The classification matters because it determines the test's shape. A class-A claim becomes a clean #[hegel::test] with an assert!. A class-B-stat claim becomes a Monte Carlo harness that asserts MeanCI::lower_95() > 0. A class-D claim gets a card stating the falsification bar, no executable test.

All the class-C claims I initially flagged turned out to be reducible to B or B-stat with small self-contained implementations — ~60 lines of vertex enumeration for an LP solver, Kruskal for 0-dim persistence, a xorshift PRNG for Monte Carlo. No external deps were pulled in. Sometimes the heavy tool isn't needed; the lighter one that's always in your pocket does the job.

The hypothesis-card convention

Every claim got a matched pair:

hypotheses/<id>.md — a card with frontmatter (source line range, class, status, test path) and a short body
tests/<id>.rs — one #[hegel::test] encoding the property

A real card, for the Hopfield descent theorem:

---
id: hopfield-descent
source: research.md L74, L83-L91
class: A
status: passing
test: tests/hopfield_descent.rs::descent_under_async_update
---

**Claim.** In a classical symmetric Hopfield network with T_ij = T_ji,
zero diagonal, thresholds θ_i, and binary activities V_i ∈ {-1, +1},
asynchronous single-neuron updates with V_i' = sign(h_i) where
h_i = Σ_j T_ij V_j - θ_i monotonically decrease the energy.

**Property.** For any symmetric T with zero diagonal, any θ, any
V ∈ {-1, +1}^n, and any index i, a single asynchronous update
satisfies E(V') ≤ E(V) within floating-point tolerance.

For 28 claims, that's 28 cards and 28 test files. Every claim traces to research.md by line number. Every pass or fail has a home. hypotheses/index.md is the single-table-of-record; when a test's status changes, the card header and the index row update together.

The card is a contract. It says, precisely: these are the lines of the spec I'm certifying, this is the class of evidence I'll require, and this is the test that will produce that evidence. If the test's shape or the card's claim ever drift apart, one of them is lying.

The experiment, chronologically

Starting small

I began with the two claims the synthesis proves in its own body — Hopfield descent and Oja's rule convergence. Class A: directly provable, just instantiate random inputs and check. Both passed, 100 property cases each. Toolchain wired end-to-end, convention proved out. Suite runtime: two seconds.

Class B expansion

Simulation-and-tolerance claims came next: echo-state property, STDP with homeostatic scaling, attractor basin completion, reservoir readout training. Eleven tests total, suite at ten seconds.

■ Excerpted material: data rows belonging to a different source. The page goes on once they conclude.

(* Let $f\in\mathcal{R}$ be nonzero and suppose that for every integer $p\ge2$ there is $\lambda_p\neq0$ with $U_pf=\lambda_pf$. Then all poles of $f$ equal $1$ (i.e. the level of $f$ is $L=1$), and \[f(x)=C\,\Big(x\frac{d}{dx}\Big)^k\Big(\frac{1}{1-x}\Big)\] for some $k\in\mathbb{N}=\{0,1,2,\dots\}$ and $C\in\mathbb{C}$. Consequently $\lambda_p=p^k$ for every $p$.
   Context: $\mathcal{R}$ denotes the real vector space of rational functions $f(x)=A(x)/B(x)$ with $A,B\in\mathbb{R}[x]$, $B(0)\neq 0$ and $\deg A<\deg B$. For $f\in\mathcal{R}$ with Taylor expansion $f(x)=\sum_{n\ge0}a_nx^n$ at $0$ and a positive integer $p$, the Hecke operator $U_p$ is defined by $U_pf(x)=\sum_{n\ge 0}a_{pn}x^n$. If all poles of $f$ are roots of unity, the level of $f$ is the least common multiple of the orders of these roots of unity. *)

theory Defs
  imports "HOL-Computational_Algebra.Computational_Algebra" "HOL-Computational_Algebra.Polynomial_FPS"
begin

text \<open>A rational function f = A/B with B(0) \<noteq> 0 and deg A < deg B (an element of the space R).\<close>
definition in_R :: "real poly \<Rightarrow> real poly \<Rightarrow> bool" where
  "in_R A B \<longleftrightarrow> poly B 0 \<noteq> 0 \<and> degree A < degree B"

text \<open>Taylor expansion at 0 of A/B (as a formal power series; valid since B(0) \<noteq> 0).\<close>
definition taylor_rf :: "real poly \<Rightarrow> real poly \<Rightarrow> real fps" where
  "taylor_rf A B = fps_of_poly A / fps_of_poly B"

definition hecke_U :: "nat \<Rightarrow> 'a fps \<Rightarrow> 'a fps" where
  "hecke_U p F = Abs_fps (\<lambda>n. F $ (p * n))"

definition poles_rf :: "real poly \<Rightarrow> real poly \<Rightarrow> complex set" where
  "poles_rf A B = {z. order z (map_poly complex_of_real A) < order z (map_poly complex_of_real B)}"

definition fps_complexify :: "real fps \<Rightarrow> complex fps" where
  "fps_complexify F = Abs_fps (\<lambda>n. complex_of_real (F $ n))"

end

theory Submission
  imports Defs
begin

text \<open>
Over \<complex>, the Taylor coefficients of a rational function are, for large n, an exponential
polynomial a(n) = \<Sum>\<alpha>. Q\<alpha>(n) \<alpha>^n, and the polynomials Q\<alpha> are determined by the sequence.
As a(p n) = \<Sum>\<alpha>. Q\<alpha>(p n) (\<alpha>^p)^n, the relation a(p n) = \<lambda>(p) a(n) says that the fibre sums
\<Sum>{Q\<alpha>(p x) | \<alpha>^p = \<beta>} equal \<lambda>(p) Q\<beta>(x). For p = 2 no fibre is empty, so squaring
permutes the finitely many frequencies and all of them are roots of unity, say \<alpha>^N = 1.
For p = N + 1 every fibre is a point, so Q\<beta>(p x) = \<lambda>(p) Q\<beta>(x), which forces Q\<beta> to be a
monomial of one common degree k. Along multiples of N the sequence is then n^k times a
constant, whence \<lambda>(p) = p^k for all p and a(n) = a(1) n^k, i.e. f = a(1) (x d/dx)^k (1/(1 - x)).
Finally (1 - x)^(k+1) f is a polynomial, so 1 is the only possible pole.
\<close>

section \<open>Exponential polynomials\<close>

definition exp_poly :: "'a set \<Rightarrow> ('a \<Rightarrow> 'a poly) \<Rightarrow> nat \<Rightarrow> 'a::comm_semiring_1"
  where "exp_poly S Q n = (\<Sum>\<beta>\<in>S. poly (Q \<beta>) (of_nat n) * \<beta> ^ n)"

definition eventually_exp_poly :: "(nat \<Rightarrow> 'a::comm_semiring_1) \<Rightarrow> bool"
  where "eventually_exp_poly s \<longleftrightarrow>
    (\<exists>S Q. finite S \<and> (\<forall>\<^sub>F n in sequentially. s n = exp_poly S Q n))"

lemma exp_poly_empty [simp]: "exp_poly {} Q n = 0"
  by (simp add: exp_poly_def)

lemma exp_poly_const: "exp_poly {b} (\<lambda>_. [:c:]) n = c * b ^ n"
  by (simp add: exp_poly_def)

lemma exp_poly_add:
  "exp_poly S Q1 n + exp_poly S Q2 n = exp_poly S (\<lambda>\<beta>. Q1 \<beta> + Q2 \<beta>) n"
  by (simp add: exp_poly_def sum.distrib algebra_simps)

lemma exp_poly_diff:
  fixes Q1 :: "'a::comm_ring_1 \<Rightarrow> 'a poly"
  shows "exp_poly S Q1 n - exp_poly S Q2 n = exp_poly S (\<lambda>\<beta>. Q1 \<beta> - Q2 \<beta>) n"
  by (simp add: exp_poly_def sum_subtractf algebra_simps)

lemma exp_poly_smult: "c * exp_poly S Q n = exp_poly S (\<lambda>\<beta>. smult c (Q \<beta>)) n"
  by (simp add: exp_poly_def sum_distrib_left mult.assoc)

lemma exp_poly_extend:
  assumes "finite T" "S \<subseteq> T"
  shows "exp_poly T (\<lambda>\<beta>. if \<beta> \<in> S then Q \<beta> else 0) n = exp_poly S Q n"
  unfolding exp_poly_def by (rule sum.mono_neutral_cong_left[symmetric]) (use assms in auto)

lemma exp_poly_Suc:
  "exp_poly S Q (Suc n) = exp_poly S (\<lambda>\<beta>. smult \<beta> (Q \<beta> \<circ>\<^sub>p [:1, 1:])) n"
  by (simp add: exp_poly_def poly_pcompose algebra_simps)

lemma exp_poly_reindex:
  assumes "finite S"
  shows "(\<Sum>\<alpha>\<in>S. poly (Q \<alpha>) (of_nat n) * f \<alpha> ^ n)
           = exp_poly (f ` S) (\<lambda>\<beta>. \<Sum>\<alpha>\<in>{\<alpha>\<in>S. f \<alpha> = \<beta>}. Q \<alpha>) n"
proof -
  have "exp_poly (f ` S) (\<lambda>\<beta>. \<Sum>\<alpha>\<in>{\<alpha>\<in>S. f \<alpha> = \<beta>}. Q \<alpha>) n
      = (\<Sum>\<beta>\<in>f ` S. \<Sum>\<alpha>\<in>{\<alpha>\<in>S. f \<alpha> = \<beta>}. poly (Q \<alpha>) (of_nat n) * f \<alpha> ^ n)"
    unfolding exp_poly_def by (auto simp: poly_sum sum_distrib_right intro!: sum.cong)
  also have "\<dots> = (\<Sum>\<alpha>\<in>S. poly (Q \<alpha>) (of_nat n) * f \<alpha> ^ n)"
    by (rule sum.group) (use assms in auto)
  finally show ?thesis ..
qed

lemma exp_poly_dilate:
  assumes "finite S"
  shows "exp_poly S Q (p * n) = exp_poly ((\<lambda>\<alpha>. \<alpha> ^ p) ` S)
           (\<lambda>\<beta>. \<Sum>\<alpha>\<in>{\<alpha>\<in>S. \<alpha> ^ p = \<beta>}. Q \<alpha> \<circ>\<^sub>p [:0, of_nat p:]) n"
  using exp_poly_reindex[OF assms, of "\<lambda>\<alpha>. Q \<alpha> \<circ>\<^sub>p [:0, of_nat p:]" n "\<lambda>\<alpha>. \<alpha> ^ p"]
  by (simp add: exp_poly_def poly_pcompose mult_ac flip: power_mult)

section \<open>Uniqueness of the coefficient polynomials\<close>

text \<open>\<open>poly (shift_diff b c R) n * b ^ n\<close> is the image of \<open>poly R n * b ^ n\<close> under the
  difference operator u(n) \<mapsto> u(n + 1) - c u(n).\<close>

definition shift_diff :: "'a \<Rightarrow> 'a \<Rightarrow> 'a poly \<Rightarrow> 'a::comm_ring_1 poly"
  where "shift_diff b c R = smult b (R \<circ>\<^sub>p [:1, 1:]) - smult c R"
(* Consider an instance of $k$-robust Steiner forest on an undirected graph $G=(V,E)$ with edge costs $c$, pair set $U\subseteq V\times V$, inflation $\lambda\ge1$ and integer $k\ge1$, a threshold $T\ge0$, and constants $\beta,\gamma$ with $2<\gamma\le\beta/2$. Run the following procedure: start with $S_r=S_f=W=\emptyset$; while there is a pair $(s,t)\in U$ with $d_{G/(S_r\cup S_f)}(s,t)>\beta\frac{T}{k}$, add $(s,t)$ to $S_r$; then, if $d_G(s,w)<\gamma\frac{T}{k}$ for some $w\in W$, add $(s,w)$ to $S_f$ for such a $w$, else add $s$ to $W$; then, if $d_G(t,w')<\gamma\frac Tk$ for some $w'\in W$, add $(t,w')$ to $S_f$ for such a $w'$, else add $t$ to $W$. Let $\Phi_T$ be the union of a Steiner forest connecting all pairs in $S_r$ of cost at most twice the minimum, together with shortest paths in $G$ connecting every pair in $S_f$. Let $\Phi^*$ and $T^*$ denote the first-stage cost and second-stage cost of an optimal solution of the $k$-robust instance. If $T\ge T^*$ then $c(\Phi_T)\le\frac{4\gamma}{\gamma-2}\cdot(\Phi^*+T^* )$.
   Context: $d_G$ is the shortest-path distance in $G$ under edge costs $c$; for a set of vertex pairs $S$, $G/S$ is the graph obtained by identifying the two vertices of each pair in $S$. $k$-robust Steiner forest: a feasible solution is a first-stage edge set $E_0$ and, for every $D\subseteq U$ with $|D|=k$, an edge set $E_D$ such that $E_0\cup E_D$ connects every pair of $D$; its cost is $c(E_0)+\lambda\max_Dc(E_D)$, with first-stage cost $c(E_0)$ and second-stage cost $\max_Dc(E_D)$. *)

theory Defs
  imports "HOL-Library.Extended_Real"
begin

A pattern emerged immediately: construct inputs to satisfy preconditions at draw time. Don't reject invalid inputs via tc.assume() — that silently drops coverage and slows the shrinker. Hegel's recommended style; I lived it.

The first real falsification

hippo-replay-consolidation. The claim: replay of stored patterns improves recall under interference.

First draft: universal pointwise — for every (stored, noise, cue) tuple, Σ-Hamming-with-replay ≤ Σ-Hamming-without-replay.

First run: passed, 100 cases, no counterexamples.

Second run: failed. Hegel had drawn different inputs. It shrunk to a specific all-−1 ferromagnetic noise pattern where replay hurt recall — Σ Hamming of 4 with replay, vs 2 without.

The counterexample wasn't a bug in the test. It was a signal about the claim's scope. The synthesis's prose says "improved sample efficiency through offline updates" — a statistical claim, not a universal one. I had over-reached by encoding it as pointwise.

I preserved the falsified test as #[ignore] with the counterexample recorded, then wrote a class-B-stat version: draw distribution parameters via Hegel, inner Monte Carlo sampling via a seeded xorshift, assert 95% CI lower bound on mean improvement > 0. It passed. I closed the loop and noted the lesson.

This moment was the first clear demonstration of what the filter actually does. It doesn't just confirm the paper's theorems — it detects when I've mis-encoded them, and forces me to sharpen the encoding.

Scaling up

Tests at N=8, K=2 are scaffolding, not validation. Real memory systems have N in the thousands or millions. I pushed to N=256 where possible, N=128 for composition tests, N=64 for B-stat tests with meaningful inner-sample budgets.

Two mechanics made this feasible.

First, cargo test --release — the Rust optimizer gave 5–10× compute headroom. A composition test that took 8 seconds in debug mode took 0.8 seconds in release.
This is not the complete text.